**Your objective**
Below are entries; copy exactly the lines from the one with "proof (rule ccontr)" through the one with "by (simp add: P_def", both included, and leave out the rest.

**Records for this exercise**
lemma exists_separating_parameter:
  assumes "1 + 2 * \<alpha> \<notin> \<theta>Fq"
  shows "\<exists>y. y \<noteq> 0 \<and> 1 + 2 * \<alpha> + \<theta> * y \<in> \<theta>Fq \<and> (1 + 2 * \<alpha> * y) / y ^ 2 \<notin> \<theta>Fq"
proof (rule ccontr)
  assume contra: "\<not> ?thesis"
  define m where "m = - (1 + 2 * \<alpha>) / \<theta>"
  have "m \<notin> Fq"
  proof
    assume "m \<in> Fq"
    hence "- m \<in> Fq" by (simp add: Fq_def frobenius_minus)
    hence "(- m) * \<theta> \<in> \<theta>Fq" by (rule scaled_in_\<theta>Fq)
    thus False using assms theta_nonzero by (simp add: m_def add.commute)
  qed
  \<comment> \<open>For \<open>k \<in> Fq\<close>, \<open>y = m + k\<close> satisfies \<open>1 + 2\<alpha> + \<theta>y = k\<theta> \<in> \<theta>Fq\<close>, so \<open>k\<close> is a root of \<open>P\<close>.\<close>
  define P where "P = smult \<theta> ([:1 + 2 * \<alpha> ^ q * m ^ q, 2 * \<alpha> ^ q:] * [:m, 1:] ^ 2)
    - smult (\<theta> ^ q) ([:1 + 2 * \<alpha> * m, 2 * \<alpha>:] * [:m ^ q, 1:] ^ 2)"
  have "P \<noteq> 0" unfolding P_def
    using \<open>m \<notin> Fq\<close> by (intro cubic_poly_nonzero two_neq_zero odd_q theta_nonzero) (simp add: Fq_def)
  have "poly P k = 0" if "k \<in> Fq" for k
  proof -
    define y where "y = m + k"
    have yq: "y ^ q = m ^ q + k" using that by (simp add: y_def Fq_def frobenius_add)
    have "y \<noteq> 0"
    proof
      assume "y = 0"
      hence "m = - k" by (simp add: y_def eq_neg_iff_add_eq_0)
      thus False using \<open>m \<notin> Fq\<close> that by (simp add: Fq_def frobenius_minus)
    qed
    have "1 + 2 * \<alpha> + \<theta> * y = k * \<theta>"
      using theta_nonzero by (simp add: y_def m_def field_simps)
    hence "1 + 2 * \<alpha> + \<theta> * y \<in> \<theta>Fq" using that by (simp add: scaled_in_\<theta>Fq)
    hence "(1 + 2 * \<alpha> * y) / y ^ 2 \<in> \<theta>Fq" using contra \<open>y \<noteq> 0\<close> by blast
    hence root: "\<theta> * (1 + 2 * \<alpha> ^ q * y ^ q) * y ^ 2 - \<theta> ^ q * (1 + 2 * \<alpha> * y) * (y ^ q) ^ 2 = 0"
      using \<open>y \<noteq> 0\<close> by (simp add: quotient_in_\<theta>Fq_iff)
    have "poly P k = \<theta> * (1 + 2 * \<alpha> ^ q * (m ^ q + k)) * (m + k) ^ 2
        - \<theta> ^ q * (1 + 2 * \<alpha> * (m + k)) * (m ^ q + k) ^ 2"
      by (simp add: P_def power2_eq_square algebra_simps)
    also have "\<dots> = 0" using root unfolding yq unfolding y_def .
    finally show ?thesis .
  qed
  with \<open>P \<noteq> 0\<close> have "card Fq \<le> degree P" by (rule card_le_degree_if_roots)
  also have "\<dots> \<le> 3" unfolding P_def
    by (intro degree_diff_le order.trans[OF degree_smult_le] order.trans[OF degree_mult_le])
      (simp_all add: power2_eq_square)
  finally show False using card_Fq q_gt_3 by simp
qed

lemma parabola_block_through:
  assumes "y0 \<in> \<theta>Fq" and "d \<noteq> 0"
  shows "\<U> \<inter> lineL (\<lambda>x. x ^ 2) (d - x0) (d ^ 2 - y0) \<in> \<B>"
proof -
  have "d ^ 2 - y0 \<notin> \<theta>Fq"
    using \<theta>Fq_add[OF _ assms(1), of "d ^ 2 - y0"] square_notin_\<theta>Fq[OF assms(2)] by auto
  thus ?thesis by (simp add: lineL_block_iff)
qed

lemma blocks_through_affine_point:
  assumes "B \<in> \<B>" and "Aff x0 y0 \<in> B"
  shows "B = \<U> \<inter> lineN x0 \<or> (\<exists>d. d \<noteq> 0 \<and> B = \<U> \<inter> lineL (\<lambda>x. x ^ 2) (d - x0) (d ^ 2 - y0))"
  using assms(1)
proof (cases rule: blocks_cases)
  case (vertical c)
  thus ?thesis using assms(2) by (simp add: Aff_in_lineN_iff)
next
  case (parabola a b)
  have "y0 \<in> \<theta>Fq" using assms(2) by (simp add: parabola Aff_in_U_iff)
  have b: "b = (x0 + a) ^ 2 - y0" using assms(2) by (simp add: parabola Aff_in_lineL_iff)
  have "x0 + a \<noteq> 0"
  proof
    assume "x0 + a = 0"
    hence "b = 0 - y0" by (simp add: b)
    thus False using parabola(1) \<theta>Fq_diff[OF zero_in_\<theta>Fq \<open>y0 \<in> \<theta>Fq\<close>] by simp
  qed
  moreover have "B = \<U> \<inter> lineL (\<lambda>x. x ^ 2) ((x0 + a) - x0) ((x0 + a) ^ 2 - y0)"
    by (simp add: parabola b)
  ultimately show ?thesis by blast
qed

lemma parabola_through_meets_vertical:
  assumes "y0 \<in> \<theta>Fq" and "1 + 2 * d \<in> \<theta>Fq"
  shows "Aff (x0 + 1) (1 + 2 * d + y0) \<in> (\<U> \<inter> lineL (\<lambda>x. x ^ 2) (d - x0) (d ^ 2 - y0)) \<inter> (\<U> \<inter> lineN (x0 + 1))"
  using assms by (simp add: Aff_in_parabola_through_iff Aff_in_U_iff Aff_in_lineN_iff \<theta>Fq_add)

lemma strong_II_vertex_affine_parameter:
  assumes y0: "y0 \<in> \<theta>Fq" and "strong_II_vertex (\<lambda>x. x ^ 2) q \<U> (Aff x0 y0)"
  obtains \<alpha> where "\<And>d. d \<noteq> 0 \<Longrightarrow> 1 + 2 * d \<in> \<theta>Fq \<Longrightarrow>
    \<exists>x. 2 * (d - \<alpha>) * (x - x0) = \<theta> \<and> (x - x0) ^ 2 + 2 * d * (x - x0) + y0 \<in> \<theta>Fq"
proof -
  have vertex: "\<forall>B\<in>\<B>. \<forall>C\<in>\<B>. \<forall>w\<in>C. Aff x0 y0 \<notin> B \<longrightarrow> Aff x0 y0 \<in> C \<longrightarrow> B \<inter> C \<noteq> {}
      \<longrightarrow> w \<noteq> Aff x0 y0 \<longrightarrow> w \<notin> B \<longrightarrow> (\<exists>B'\<in>\<B>. B' \<noteq> C \<and> w \<in> B' \<and>
        (\<forall>D\<in>\<B>. Aff x0 y0 \<in> D \<longrightarrow> D \<inter> B \<noteq> {} \<longrightarrow> B' \<inter> D \<noteq> {}))"
    using assms(2) by (simp add: strong_II_vertex_def)
  let ?B = "\<U> \<inter> lineN (x0 + 1)" and ?C = "\<U> \<inter> lineN x0"
  define D where "D d = \<U> \<inter> lineL (\<lambda>x. x ^ 2) (d - x0) (d ^ 2 - y0)" for d
  have "y0 + \<theta> \<in> \<theta>Fq" using y0 theta_in_\<theta>Fq by (rule \<theta>Fq_add)
  hence "Aff x0 (y0 + \<theta>) \<in> ?C" "Aff x0 y0 \<notin> ?B" "Aff x0 y0 \<in> ?C" "?B \<inter> ?C \<noteq> {}"
    "Aff x0 (y0 + \<theta>) \<noteq> Aff x0 y0" "Aff x0 (y0 + \<theta>) \<notin> ?B"
    using y0 theta_nonzero by (auto simp: U_Int_lineN)
  from vertex[rule_format, OF lineN_block lineN_block this]
  obtain B' where "B' \<in> \<B>" and "B' \<noteq> ?C \<and> Aff x0 (y0 + \<theta>) \<in> B' \<and>
      (\<forall>D\<in>\<B>. Aff x0 y0 \<in> D \<longrightarrow> D \<inter> ?B \<noteq> {} \<longrightarrow> B' \<inter> D \<noteq> {})"
    by (rule bexE)
  hence B': "B' \<in> \<B>" "B' \<noteq> ?C" "Aff x0 (y0 + \<theta>) \<in> B'"
    and meets: "\<And>D. D \<in> \<B> \<Longrightarrow> Aff x0 y0 \<in> D \<Longrightarrow> D \<inter> ?B \<noteq> {} \<Longrightarrow> B' \<inter> D \<noteq> {}"
    by simp_all
  obtain \<alpha> where B'_eq: "B' = \<U> \<inter> lineL (\<lambda>x. x ^ 2) (\<alpha> - x0) (\<alpha> ^ 2 - (y0 + \<theta>))"
    using blocks_through_affine_point[OF B'(1,3)] B'(2) by blast
  show ?thesis
  proof (rule that)
    fix d assume "d \<noteq> 0" and "1 + 2 * d \<in> \<theta>Fq"
    have "D d \<inter> ?B \<noteq> {}"
      using parabola_through_meets_vertical[OF y0 \<open>1 + 2 * d \<in> \<theta>Fq\<close>, of x0] by (auto simp: D_def)
    moreover have "Aff x0 y0 \<in> D d"
      using y0 by (simp add: D_def Aff_in_U_iff Aff_in_parabola_through_iff)
    moreover have "D d \<in> \<B>" unfolding D_def using y0 \<open>d \<noteq> 0\<close> by (rule parabola_block_through)
    ultimately have "B' \<inter> D d \<noteq> {}" using meets by blast
    then obtain P where P: "P \<in> B' \<inter> D d" by blast
    then obtain x y where "P = Aff x y"
      by (cases P) (auto simp: B'_eq Inf_in_U_iff Inf_in_lineL_iff)
    with P have "Aff x y \<in> B' \<inter> D d" by simp
    thus "\<exists>x. 2 * (d - \<alpha>) * (x - x0) = \<theta> \<and> (x - x0) ^ 2 + 2 * d * (x - x0) + y0 \<in> \<theta>Fq"
      using parabolas_through_meet[of x y d x0 y0 \<alpha> \<theta>] by (auto simp: B'_eq D_def Aff_in_U_iff)
  qed
qed

lemma affine_point_not_strong_II_vertex:
  assumes y0: "y0 \<in> \<theta>Fq"
  shows "\<not> strong_II_vertex (\<lambda>x. x ^ 2) q \<U> (Aff x0 y0)"
proof
  assume "strong_II_vertex (\<lambda>x. x ^ 2) q \<U> (Aff x0 y0)"
  then obtain \<alpha> where meet: "\<And>d. d \<noteq> 0 \<Longrightarrow> 1 + 2 * d \<in> \<theta>Fq \<Longrightarrow>
    \<exists>x. 2 * (d - \<alpha>) * (x - x0) = \<theta> \<and> (x - x0) ^ 2 + 2 * d * (x - x0) + y0 \<in> \<theta>Fq"
    using strong_II_vertex_affine_parameter[OF y0] by blast
  show False
  proof (cases "1 + 2 * \<alpha> \<in> \<theta>Fq")
    case True
    have "\<alpha> \<noteq> 0" using True square_notin_\<theta>Fq[of 1] by auto
    thus False using meet[OF _ True] theta_nonzero by auto
  next
    case False
    then obtain y where "y \<noteq> 0" and y: "1 + 2 * \<alpha> + \<theta> * y \<in> \<theta>Fq" "(1 + 2 * \<alpha> * y) / y ^ 2 \<notin> \<theta>Fq"
      using exists_separating_parameter by blast
    define d where "d = \<alpha> + \<theta> * y / 2"
    have two_d: "2 * d = 2 * \<alpha> + \<theta> * y" using two_neq_zero[OF odd_q] by (simp add: d_def field_simps)
    hence "1 + 2 * d \<in> \<theta>Fq" using y(1) by (simp add: add.assoc)
    moreover have "d \<noteq> 0" using calculation square_notin_\<theta>Fq[of 1] by auto
    ultimately obtain x where x: "2 * (d - \<alpha>) * (x - x0) = \<theta>"
      and ordinate: "(x - x0) ^ 2 + 2 * d * (x - x0) + y0 \<in> \<theta>Fq"
      using meet by blast
    from x have "(x - x0) ^ 2 + 2 * d * (x - x0) + y0 = (1 + 2 * \<alpha> * y) / y ^ 2 + (\<theta> + y0)"
      using two_d theta_nonzero \<open>y \<noteq> 0\<close> by (rule parabola_meet_ordinate)
    thus False using ordinate y(2) \<theta>Fq_add_cancel[OF \<theta>Fq_add[OF theta_in_\<theta>Fq y0]] by (simp add: add.assoc)
  qed
qed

**Solution to the problem**
proof (rule ccontr)
  assume contra: "\<not> ?thesis"
  define m where "m = - (1 + 2 * \<alpha>) / \<theta>"
  have "m \<notin> Fq"
  proof
    assume "m \<in> Fq"
    hence "- m \<in> Fq" by (simp add: Fq_def frobenius_minus)
    hence "(- m) * \<theta> \<in> \<theta>Fq" by (rule scaled_in_\<theta>Fq)
    thus False using assms theta_nonzero by (simp add: m_def add.commute)
  qed
  \<comment> \<open>For \<open>k \<in> Fq\<close>, \<open>y = m + k\<close> satisfies \<open>1 + 2\<alpha> + \<theta>y = k\<theta> \<in> \<theta>Fq\<close>, so \<open>k\<close> is a root of \<open>P\<close>.\<close>
  define P where "P = smult \<theta> ([:1 + 2 * \<alpha> ^ q * m ^ q, 2 * \<alpha> ^ q:] * [:m, 1:] ^ 2)
    - smult (\<theta> ^ q) ([:1 + 2 * \<alpha> * m, 2 * \<alpha>:] * [:m ^ q, 1:] ^ 2)"
  have "P \<noteq> 0" unfolding P_def
    using \<open>m \<notin> Fq\<close> by (intro cubic_poly_nonzero two_neq_zero odd_q theta_nonzero) (simp add: Fq_def)
  have "poly P k = 0" if "k \<in> Fq" for k
  proof -
    define y where "y = m + k"
    have yq: "y ^ q = m ^ q + k" using that by (simp add: y_def Fq_def frobenius_add)
    have "y \<noteq> 0"
    proof
      assume "y = 0"
      hence "m = - k" by (simp add: y_def eq_neg_iff_add_eq_0)
      thus False using \<open>m \<notin> Fq\<close> that by (simp add: Fq_def frobenius_minus)
    qed
    have "1 + 2 * \<alpha> + \<theta> * y = k * \<theta>"
      using theta_nonzero by (simp add: y_def m_def field_simps)
    hence "1 + 2 * \<alpha> + \<theta> * y \<in> \<theta>Fq" using that by (simp add: scaled_in_\<theta>Fq)
    hence "(1 + 2 * \<alpha> * y) / y ^ 2 \<in> \<theta>Fq" using contra \<open>y \<noteq> 0\<close> by blast
    hence root: "\<theta> * (1 + 2 * \<alpha> ^ q * y ^ q) * y ^ 2 - \<theta> ^ q * (1 + 2 * \<alpha> * y) * (y ^ q) ^ 2 = 0"
      using \<open>y \<noteq> 0\<close> by (simp add: quotient_in_\<theta>Fq_iff)
    have "poly P k = \<theta> * (1 + 2 * \<alpha> ^ q * (m ^ q + k)) * (m + k) ^ 2
        - \<theta> ^ q * (1 + 2 * \<alpha> * (m + k)) * (m ^ q + k) ^ 2"
      by (simp add: P_def power2_eq_square algebra_simps)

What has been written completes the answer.